**What is required**: Here is the task for the records below: repeat exactly the lines from the one with "then obtain c" to the one with "0\<close> by fastforce", both included, and nothing else.

+++ Data +++

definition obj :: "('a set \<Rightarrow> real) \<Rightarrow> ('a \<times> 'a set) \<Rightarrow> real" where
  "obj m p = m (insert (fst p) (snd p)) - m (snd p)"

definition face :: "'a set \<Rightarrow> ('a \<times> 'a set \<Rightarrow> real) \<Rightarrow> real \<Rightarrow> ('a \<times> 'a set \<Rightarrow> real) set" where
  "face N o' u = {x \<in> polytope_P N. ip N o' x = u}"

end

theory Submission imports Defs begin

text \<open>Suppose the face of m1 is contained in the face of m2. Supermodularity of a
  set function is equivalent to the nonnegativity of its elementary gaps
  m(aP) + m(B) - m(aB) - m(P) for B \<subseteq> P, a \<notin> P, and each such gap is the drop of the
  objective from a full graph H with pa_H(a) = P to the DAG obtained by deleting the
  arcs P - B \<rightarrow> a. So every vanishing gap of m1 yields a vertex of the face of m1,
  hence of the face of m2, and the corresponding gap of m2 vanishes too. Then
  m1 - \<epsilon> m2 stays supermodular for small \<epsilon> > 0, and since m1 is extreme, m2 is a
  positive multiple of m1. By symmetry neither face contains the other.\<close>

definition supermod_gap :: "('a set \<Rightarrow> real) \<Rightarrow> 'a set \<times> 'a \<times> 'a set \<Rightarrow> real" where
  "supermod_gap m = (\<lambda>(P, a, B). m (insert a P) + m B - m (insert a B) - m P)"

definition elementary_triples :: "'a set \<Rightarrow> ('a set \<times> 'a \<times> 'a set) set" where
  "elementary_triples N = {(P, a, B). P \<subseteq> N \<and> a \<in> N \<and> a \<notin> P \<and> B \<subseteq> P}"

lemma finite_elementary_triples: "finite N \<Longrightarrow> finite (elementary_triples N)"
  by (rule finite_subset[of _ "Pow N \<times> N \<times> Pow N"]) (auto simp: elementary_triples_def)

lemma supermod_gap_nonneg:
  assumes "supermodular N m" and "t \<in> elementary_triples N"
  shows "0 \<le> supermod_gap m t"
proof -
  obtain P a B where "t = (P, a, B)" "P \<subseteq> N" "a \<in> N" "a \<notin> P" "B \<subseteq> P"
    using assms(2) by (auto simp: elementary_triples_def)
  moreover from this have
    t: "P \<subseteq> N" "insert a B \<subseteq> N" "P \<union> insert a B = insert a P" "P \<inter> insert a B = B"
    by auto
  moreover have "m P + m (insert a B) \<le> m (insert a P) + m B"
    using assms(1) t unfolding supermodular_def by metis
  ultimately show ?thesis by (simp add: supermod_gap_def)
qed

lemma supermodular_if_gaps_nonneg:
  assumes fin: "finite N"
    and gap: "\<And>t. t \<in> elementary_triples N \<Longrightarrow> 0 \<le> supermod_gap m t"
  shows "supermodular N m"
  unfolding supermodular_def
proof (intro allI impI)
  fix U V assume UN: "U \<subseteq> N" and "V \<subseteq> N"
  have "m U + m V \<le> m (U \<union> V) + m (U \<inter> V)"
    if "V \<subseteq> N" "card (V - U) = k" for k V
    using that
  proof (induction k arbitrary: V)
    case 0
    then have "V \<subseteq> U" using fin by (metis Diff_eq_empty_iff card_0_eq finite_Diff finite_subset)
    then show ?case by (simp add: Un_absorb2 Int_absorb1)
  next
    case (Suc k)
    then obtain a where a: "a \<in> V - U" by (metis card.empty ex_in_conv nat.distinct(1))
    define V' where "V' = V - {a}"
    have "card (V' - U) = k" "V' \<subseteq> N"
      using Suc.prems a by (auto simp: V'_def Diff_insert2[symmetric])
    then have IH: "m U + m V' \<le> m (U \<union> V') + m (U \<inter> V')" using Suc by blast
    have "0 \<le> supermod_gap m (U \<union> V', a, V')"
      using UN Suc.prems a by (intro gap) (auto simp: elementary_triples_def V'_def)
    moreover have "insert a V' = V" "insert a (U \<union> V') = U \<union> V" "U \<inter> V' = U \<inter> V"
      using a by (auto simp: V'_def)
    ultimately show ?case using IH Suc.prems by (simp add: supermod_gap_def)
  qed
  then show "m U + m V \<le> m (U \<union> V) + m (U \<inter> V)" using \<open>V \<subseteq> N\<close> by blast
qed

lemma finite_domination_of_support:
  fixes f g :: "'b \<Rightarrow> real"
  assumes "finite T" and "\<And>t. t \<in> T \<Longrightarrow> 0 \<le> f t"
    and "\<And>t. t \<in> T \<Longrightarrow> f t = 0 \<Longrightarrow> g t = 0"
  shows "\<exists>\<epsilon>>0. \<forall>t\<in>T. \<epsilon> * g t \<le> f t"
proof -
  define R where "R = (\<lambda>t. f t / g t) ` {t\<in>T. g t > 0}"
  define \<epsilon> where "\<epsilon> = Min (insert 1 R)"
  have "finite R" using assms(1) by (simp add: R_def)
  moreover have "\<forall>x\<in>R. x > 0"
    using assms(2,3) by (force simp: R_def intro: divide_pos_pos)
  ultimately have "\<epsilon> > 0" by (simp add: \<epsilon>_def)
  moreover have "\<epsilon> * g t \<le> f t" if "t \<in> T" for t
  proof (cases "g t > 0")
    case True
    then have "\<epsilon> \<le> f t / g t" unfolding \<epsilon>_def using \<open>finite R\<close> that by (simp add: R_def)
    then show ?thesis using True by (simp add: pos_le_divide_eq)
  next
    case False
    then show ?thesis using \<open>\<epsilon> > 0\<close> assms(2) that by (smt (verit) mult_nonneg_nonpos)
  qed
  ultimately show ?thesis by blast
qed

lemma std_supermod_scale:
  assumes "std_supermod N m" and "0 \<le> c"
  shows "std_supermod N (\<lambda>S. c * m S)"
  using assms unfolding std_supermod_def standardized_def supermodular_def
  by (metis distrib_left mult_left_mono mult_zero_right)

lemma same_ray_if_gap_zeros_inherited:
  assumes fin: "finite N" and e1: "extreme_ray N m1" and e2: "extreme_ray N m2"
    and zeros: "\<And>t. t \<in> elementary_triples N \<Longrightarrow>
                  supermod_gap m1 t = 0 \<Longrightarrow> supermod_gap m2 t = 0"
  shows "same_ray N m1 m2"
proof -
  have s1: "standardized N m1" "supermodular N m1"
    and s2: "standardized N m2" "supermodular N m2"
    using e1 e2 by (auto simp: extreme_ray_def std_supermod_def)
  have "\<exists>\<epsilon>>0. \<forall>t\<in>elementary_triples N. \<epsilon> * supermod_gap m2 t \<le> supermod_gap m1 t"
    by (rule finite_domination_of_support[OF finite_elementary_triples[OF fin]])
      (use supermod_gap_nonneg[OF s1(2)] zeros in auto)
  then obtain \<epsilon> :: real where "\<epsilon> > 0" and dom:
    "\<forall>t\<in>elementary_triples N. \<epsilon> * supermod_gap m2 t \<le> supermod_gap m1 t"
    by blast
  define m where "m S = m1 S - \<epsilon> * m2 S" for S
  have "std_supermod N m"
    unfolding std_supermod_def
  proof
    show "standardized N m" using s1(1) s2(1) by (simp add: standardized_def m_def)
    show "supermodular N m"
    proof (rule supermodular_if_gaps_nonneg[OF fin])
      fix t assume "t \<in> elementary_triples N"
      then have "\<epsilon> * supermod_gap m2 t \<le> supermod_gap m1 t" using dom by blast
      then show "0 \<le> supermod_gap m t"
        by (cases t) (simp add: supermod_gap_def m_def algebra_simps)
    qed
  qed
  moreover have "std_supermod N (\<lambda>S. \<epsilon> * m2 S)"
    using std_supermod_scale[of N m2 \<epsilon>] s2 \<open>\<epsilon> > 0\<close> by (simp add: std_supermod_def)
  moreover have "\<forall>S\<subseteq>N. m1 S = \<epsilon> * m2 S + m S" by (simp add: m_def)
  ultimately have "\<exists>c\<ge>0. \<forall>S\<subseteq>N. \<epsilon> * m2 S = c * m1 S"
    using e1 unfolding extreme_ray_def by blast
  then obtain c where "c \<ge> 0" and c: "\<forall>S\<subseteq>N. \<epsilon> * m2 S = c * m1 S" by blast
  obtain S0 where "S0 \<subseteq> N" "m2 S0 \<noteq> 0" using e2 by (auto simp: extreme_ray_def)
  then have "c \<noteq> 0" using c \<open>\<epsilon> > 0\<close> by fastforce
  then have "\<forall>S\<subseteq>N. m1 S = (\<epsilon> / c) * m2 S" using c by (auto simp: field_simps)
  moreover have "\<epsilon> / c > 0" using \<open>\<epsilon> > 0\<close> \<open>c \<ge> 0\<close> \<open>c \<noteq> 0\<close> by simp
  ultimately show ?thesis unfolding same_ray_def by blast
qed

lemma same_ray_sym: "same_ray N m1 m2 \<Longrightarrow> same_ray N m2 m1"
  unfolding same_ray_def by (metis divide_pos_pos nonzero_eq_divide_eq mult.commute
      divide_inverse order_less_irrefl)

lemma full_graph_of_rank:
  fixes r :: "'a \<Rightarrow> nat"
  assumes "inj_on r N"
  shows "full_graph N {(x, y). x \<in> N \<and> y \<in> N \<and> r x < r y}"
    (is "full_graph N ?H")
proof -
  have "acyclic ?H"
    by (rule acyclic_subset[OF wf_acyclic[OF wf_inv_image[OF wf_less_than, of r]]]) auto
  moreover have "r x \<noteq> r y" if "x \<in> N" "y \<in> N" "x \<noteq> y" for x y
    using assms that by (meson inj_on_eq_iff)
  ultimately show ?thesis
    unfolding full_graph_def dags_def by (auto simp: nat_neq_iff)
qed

+++
+++ Data +++

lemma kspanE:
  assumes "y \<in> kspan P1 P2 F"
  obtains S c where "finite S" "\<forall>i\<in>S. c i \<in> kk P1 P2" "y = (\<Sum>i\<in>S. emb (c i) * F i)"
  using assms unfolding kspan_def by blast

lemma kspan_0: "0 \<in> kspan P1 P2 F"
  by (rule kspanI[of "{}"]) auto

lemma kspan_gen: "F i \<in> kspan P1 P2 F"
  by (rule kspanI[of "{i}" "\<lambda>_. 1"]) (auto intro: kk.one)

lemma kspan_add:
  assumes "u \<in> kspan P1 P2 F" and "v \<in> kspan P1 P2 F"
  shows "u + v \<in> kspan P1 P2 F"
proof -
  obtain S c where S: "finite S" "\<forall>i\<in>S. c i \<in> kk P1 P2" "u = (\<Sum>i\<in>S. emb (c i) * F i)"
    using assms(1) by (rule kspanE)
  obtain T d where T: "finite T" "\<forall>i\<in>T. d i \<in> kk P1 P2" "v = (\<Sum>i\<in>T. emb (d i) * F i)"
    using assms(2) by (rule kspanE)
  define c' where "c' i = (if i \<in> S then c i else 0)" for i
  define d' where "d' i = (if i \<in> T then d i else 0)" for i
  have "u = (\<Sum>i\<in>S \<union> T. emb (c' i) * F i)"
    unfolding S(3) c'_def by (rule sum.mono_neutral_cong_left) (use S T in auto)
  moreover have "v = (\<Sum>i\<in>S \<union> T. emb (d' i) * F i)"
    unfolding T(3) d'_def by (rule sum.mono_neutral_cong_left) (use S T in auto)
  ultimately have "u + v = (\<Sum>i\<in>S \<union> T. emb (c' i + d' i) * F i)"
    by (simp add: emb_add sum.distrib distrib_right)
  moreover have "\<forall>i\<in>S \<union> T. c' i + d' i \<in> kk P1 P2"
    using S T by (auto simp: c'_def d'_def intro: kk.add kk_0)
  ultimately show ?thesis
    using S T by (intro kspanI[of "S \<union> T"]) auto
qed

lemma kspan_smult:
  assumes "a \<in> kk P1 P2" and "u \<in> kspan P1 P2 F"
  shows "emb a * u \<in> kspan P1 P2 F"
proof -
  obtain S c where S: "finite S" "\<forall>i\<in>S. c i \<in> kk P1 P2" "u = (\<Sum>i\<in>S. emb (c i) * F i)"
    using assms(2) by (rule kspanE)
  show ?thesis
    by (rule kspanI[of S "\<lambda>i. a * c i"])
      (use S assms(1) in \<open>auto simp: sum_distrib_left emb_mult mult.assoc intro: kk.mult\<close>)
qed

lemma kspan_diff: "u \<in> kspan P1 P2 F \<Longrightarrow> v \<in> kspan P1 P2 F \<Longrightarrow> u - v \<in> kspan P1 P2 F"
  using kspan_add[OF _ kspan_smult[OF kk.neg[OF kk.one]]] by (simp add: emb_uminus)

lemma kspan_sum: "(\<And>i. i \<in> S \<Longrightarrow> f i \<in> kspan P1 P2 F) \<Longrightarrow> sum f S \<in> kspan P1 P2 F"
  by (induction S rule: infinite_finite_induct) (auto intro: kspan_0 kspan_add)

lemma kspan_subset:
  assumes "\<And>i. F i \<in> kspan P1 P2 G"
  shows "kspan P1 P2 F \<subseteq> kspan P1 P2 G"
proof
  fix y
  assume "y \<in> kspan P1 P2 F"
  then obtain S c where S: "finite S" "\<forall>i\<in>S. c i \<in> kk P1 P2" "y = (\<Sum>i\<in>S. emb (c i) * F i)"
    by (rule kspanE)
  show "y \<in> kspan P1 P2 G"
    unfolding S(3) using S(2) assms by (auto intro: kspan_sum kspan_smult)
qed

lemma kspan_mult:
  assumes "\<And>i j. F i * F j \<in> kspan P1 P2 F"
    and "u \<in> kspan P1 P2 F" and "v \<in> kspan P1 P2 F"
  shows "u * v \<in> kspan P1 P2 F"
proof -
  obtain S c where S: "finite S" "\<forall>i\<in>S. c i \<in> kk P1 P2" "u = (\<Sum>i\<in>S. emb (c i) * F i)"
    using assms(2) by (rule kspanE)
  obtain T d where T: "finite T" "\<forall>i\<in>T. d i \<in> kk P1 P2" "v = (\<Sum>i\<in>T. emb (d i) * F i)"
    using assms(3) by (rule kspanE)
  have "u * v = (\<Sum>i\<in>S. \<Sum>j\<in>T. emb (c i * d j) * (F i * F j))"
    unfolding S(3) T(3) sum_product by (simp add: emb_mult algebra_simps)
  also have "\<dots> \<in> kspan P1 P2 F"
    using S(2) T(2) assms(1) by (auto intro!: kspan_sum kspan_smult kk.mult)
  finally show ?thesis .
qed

+++
+++ Data +++

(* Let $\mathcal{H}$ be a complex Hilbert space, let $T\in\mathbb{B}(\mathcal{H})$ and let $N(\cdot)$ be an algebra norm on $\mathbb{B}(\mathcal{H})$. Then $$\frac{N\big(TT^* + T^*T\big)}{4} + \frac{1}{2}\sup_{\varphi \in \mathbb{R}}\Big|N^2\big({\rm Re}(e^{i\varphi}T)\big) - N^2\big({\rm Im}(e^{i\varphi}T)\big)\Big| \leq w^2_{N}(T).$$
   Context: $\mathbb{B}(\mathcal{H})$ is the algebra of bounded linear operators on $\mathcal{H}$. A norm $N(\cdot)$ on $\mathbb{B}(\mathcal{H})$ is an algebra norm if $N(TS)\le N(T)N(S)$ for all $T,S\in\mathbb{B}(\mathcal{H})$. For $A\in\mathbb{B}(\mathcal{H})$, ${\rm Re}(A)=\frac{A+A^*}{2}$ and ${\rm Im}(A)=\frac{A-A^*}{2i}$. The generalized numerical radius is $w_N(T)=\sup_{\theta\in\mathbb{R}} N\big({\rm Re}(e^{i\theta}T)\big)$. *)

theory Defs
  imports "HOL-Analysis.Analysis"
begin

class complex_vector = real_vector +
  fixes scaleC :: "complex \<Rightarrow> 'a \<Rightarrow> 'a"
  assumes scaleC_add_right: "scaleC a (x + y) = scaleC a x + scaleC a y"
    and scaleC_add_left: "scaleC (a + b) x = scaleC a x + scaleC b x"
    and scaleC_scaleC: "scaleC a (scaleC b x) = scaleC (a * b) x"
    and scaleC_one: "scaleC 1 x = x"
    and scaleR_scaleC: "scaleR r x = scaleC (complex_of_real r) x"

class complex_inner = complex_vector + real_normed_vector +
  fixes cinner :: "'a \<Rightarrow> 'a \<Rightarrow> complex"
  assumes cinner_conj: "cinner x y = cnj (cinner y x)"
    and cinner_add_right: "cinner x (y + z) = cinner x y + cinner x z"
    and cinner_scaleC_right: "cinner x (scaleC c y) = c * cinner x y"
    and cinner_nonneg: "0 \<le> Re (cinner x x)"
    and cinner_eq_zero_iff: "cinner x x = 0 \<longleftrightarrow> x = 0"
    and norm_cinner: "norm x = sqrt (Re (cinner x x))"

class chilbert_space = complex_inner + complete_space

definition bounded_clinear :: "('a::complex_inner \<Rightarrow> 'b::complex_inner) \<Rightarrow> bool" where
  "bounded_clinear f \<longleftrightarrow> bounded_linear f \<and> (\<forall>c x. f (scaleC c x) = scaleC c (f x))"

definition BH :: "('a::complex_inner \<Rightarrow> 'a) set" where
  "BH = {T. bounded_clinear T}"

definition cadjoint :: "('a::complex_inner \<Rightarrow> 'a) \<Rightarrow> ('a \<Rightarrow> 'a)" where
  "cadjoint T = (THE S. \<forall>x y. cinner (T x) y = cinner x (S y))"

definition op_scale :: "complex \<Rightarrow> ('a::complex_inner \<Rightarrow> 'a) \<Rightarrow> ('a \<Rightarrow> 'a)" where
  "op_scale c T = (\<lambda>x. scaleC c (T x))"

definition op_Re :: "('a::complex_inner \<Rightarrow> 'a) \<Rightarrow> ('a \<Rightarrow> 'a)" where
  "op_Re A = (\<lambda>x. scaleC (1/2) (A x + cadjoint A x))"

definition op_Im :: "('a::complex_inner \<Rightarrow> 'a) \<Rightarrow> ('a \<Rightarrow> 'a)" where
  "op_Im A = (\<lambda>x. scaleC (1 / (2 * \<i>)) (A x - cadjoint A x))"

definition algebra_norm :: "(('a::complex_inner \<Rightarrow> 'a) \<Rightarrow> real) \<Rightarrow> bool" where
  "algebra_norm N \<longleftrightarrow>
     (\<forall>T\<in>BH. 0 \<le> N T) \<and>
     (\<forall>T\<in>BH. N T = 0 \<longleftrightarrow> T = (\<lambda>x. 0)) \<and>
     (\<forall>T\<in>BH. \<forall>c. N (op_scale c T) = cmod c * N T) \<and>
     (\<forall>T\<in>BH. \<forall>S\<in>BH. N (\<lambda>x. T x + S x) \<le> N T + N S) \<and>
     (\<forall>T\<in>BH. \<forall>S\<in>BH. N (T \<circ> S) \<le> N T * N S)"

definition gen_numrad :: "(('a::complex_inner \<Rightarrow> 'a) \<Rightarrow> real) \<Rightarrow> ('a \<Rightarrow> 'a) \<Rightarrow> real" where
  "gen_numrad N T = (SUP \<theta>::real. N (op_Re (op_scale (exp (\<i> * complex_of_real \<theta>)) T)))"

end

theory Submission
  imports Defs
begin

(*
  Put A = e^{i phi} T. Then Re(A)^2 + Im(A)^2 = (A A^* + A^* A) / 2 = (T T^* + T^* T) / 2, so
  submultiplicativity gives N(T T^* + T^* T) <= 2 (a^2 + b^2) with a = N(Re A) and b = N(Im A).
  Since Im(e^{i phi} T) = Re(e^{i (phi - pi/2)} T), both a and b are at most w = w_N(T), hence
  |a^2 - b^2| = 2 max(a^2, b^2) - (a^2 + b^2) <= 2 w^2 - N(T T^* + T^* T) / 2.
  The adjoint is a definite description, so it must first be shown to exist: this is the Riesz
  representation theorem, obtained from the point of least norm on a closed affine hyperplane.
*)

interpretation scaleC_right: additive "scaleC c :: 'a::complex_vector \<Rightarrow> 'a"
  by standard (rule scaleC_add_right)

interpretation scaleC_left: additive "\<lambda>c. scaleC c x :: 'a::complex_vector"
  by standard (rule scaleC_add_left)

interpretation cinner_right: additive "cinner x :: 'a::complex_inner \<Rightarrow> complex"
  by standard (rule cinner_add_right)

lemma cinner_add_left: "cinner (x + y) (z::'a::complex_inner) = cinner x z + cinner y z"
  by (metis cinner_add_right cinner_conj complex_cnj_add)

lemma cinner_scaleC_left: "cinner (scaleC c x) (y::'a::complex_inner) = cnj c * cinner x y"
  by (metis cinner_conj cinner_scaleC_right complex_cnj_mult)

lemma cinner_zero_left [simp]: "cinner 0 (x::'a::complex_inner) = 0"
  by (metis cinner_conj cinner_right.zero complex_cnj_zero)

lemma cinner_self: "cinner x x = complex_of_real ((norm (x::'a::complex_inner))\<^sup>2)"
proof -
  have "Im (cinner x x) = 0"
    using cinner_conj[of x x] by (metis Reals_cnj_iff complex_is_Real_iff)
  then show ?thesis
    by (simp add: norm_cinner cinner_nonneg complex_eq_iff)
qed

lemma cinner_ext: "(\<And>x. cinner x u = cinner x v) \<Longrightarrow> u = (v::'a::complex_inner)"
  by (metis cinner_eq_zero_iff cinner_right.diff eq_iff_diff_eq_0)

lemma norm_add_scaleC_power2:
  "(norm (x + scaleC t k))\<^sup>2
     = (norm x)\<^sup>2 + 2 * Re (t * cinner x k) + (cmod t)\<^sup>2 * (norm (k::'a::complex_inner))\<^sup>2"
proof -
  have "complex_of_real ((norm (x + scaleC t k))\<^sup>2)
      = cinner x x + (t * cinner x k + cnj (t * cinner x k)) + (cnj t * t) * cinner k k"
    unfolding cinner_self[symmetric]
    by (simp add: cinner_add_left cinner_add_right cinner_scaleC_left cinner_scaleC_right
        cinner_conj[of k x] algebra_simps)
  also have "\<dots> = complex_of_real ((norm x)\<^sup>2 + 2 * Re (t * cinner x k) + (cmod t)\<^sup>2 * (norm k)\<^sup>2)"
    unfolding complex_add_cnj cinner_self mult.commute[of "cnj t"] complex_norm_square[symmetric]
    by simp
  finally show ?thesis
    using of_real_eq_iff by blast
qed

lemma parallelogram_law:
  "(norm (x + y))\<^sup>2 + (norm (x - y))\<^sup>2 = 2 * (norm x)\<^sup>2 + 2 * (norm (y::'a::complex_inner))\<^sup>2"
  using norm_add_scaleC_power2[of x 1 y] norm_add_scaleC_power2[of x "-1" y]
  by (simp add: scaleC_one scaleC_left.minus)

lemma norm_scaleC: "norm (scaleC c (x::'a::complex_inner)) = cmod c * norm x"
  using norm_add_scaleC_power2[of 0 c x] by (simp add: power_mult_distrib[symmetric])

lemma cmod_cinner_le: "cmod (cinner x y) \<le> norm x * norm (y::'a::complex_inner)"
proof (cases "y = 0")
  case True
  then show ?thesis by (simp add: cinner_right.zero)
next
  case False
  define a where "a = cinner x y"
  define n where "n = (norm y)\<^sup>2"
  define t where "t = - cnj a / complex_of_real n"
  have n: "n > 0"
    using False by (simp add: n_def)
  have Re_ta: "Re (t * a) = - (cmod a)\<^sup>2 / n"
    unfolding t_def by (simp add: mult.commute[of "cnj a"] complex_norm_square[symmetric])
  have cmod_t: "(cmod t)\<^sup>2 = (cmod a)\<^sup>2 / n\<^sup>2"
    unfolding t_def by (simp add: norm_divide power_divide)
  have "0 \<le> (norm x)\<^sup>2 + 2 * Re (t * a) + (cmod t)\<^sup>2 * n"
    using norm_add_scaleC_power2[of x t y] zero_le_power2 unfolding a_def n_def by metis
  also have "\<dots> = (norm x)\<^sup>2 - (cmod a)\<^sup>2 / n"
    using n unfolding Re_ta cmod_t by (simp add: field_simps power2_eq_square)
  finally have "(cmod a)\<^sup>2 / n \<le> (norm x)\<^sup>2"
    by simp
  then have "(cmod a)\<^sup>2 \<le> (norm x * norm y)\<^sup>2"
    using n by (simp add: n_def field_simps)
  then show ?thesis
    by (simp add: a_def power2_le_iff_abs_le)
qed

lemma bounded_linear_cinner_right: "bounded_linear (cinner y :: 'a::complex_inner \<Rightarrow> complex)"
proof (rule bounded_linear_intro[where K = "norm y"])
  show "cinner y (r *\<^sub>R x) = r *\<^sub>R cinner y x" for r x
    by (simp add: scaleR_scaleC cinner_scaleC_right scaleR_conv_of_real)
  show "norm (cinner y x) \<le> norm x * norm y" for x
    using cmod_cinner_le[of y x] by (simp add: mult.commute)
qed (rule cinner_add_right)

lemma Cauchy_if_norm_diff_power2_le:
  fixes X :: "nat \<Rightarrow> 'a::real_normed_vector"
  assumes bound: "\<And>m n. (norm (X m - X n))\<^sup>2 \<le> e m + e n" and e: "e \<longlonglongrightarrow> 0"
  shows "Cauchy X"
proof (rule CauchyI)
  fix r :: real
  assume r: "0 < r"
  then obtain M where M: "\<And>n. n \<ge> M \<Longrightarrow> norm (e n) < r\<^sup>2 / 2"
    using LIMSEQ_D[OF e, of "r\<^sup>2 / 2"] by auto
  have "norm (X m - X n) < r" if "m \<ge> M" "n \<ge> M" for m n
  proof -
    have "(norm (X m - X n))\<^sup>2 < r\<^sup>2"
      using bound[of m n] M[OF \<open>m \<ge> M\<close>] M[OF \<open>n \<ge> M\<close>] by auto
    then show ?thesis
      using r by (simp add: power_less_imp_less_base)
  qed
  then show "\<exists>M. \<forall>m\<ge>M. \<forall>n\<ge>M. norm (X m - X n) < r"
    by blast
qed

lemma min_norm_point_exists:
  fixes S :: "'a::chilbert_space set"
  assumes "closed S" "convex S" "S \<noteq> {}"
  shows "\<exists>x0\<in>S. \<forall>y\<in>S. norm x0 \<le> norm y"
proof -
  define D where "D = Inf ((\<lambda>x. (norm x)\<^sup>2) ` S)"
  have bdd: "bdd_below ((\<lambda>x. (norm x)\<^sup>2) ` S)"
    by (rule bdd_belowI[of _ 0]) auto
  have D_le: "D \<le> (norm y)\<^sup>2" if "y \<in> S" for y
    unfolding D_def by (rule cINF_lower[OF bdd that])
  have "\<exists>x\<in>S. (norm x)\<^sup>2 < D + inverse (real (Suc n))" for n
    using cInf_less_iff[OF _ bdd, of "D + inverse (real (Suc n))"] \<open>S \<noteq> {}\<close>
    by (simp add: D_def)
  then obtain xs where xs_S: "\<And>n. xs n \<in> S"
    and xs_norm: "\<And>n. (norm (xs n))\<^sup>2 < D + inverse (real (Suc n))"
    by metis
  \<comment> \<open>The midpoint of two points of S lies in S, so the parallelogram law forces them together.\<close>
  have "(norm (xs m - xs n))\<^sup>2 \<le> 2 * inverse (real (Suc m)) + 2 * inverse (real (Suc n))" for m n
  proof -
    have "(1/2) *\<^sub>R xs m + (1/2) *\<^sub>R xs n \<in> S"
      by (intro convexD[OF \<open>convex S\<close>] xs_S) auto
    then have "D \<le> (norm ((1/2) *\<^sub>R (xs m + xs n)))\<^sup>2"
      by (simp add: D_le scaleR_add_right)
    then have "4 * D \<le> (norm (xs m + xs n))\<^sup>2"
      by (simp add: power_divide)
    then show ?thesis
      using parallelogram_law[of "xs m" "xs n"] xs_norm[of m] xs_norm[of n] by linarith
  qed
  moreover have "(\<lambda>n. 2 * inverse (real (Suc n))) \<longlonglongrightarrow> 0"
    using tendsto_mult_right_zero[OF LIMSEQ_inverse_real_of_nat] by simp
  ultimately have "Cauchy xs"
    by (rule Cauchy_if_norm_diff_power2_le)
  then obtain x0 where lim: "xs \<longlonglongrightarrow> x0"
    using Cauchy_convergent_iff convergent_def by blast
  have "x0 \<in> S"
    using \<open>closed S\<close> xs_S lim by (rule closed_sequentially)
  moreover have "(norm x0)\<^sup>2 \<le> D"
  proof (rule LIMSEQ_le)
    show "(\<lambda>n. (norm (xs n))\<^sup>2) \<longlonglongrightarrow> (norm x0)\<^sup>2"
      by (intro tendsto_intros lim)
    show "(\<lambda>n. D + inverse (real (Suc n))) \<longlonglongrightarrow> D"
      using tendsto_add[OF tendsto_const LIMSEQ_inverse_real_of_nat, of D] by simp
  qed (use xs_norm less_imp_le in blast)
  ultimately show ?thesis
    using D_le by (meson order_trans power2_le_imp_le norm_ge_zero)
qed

+++

**Result of the exercise**:
  then obtain c where "c \<ge> 0" and c: "\<forall>S\<subseteq>N. \<epsilon> * m2 S = c * m1 S" by blast
  obtain S0 where "S0 \<subseteq> N" "m2 S0 \<noteq> 0" using e2 by (auto simp: extreme_ray_def)
  then have "c \<noteq> 0" using c \<open>\<epsilon> > 0\<close> by fastforce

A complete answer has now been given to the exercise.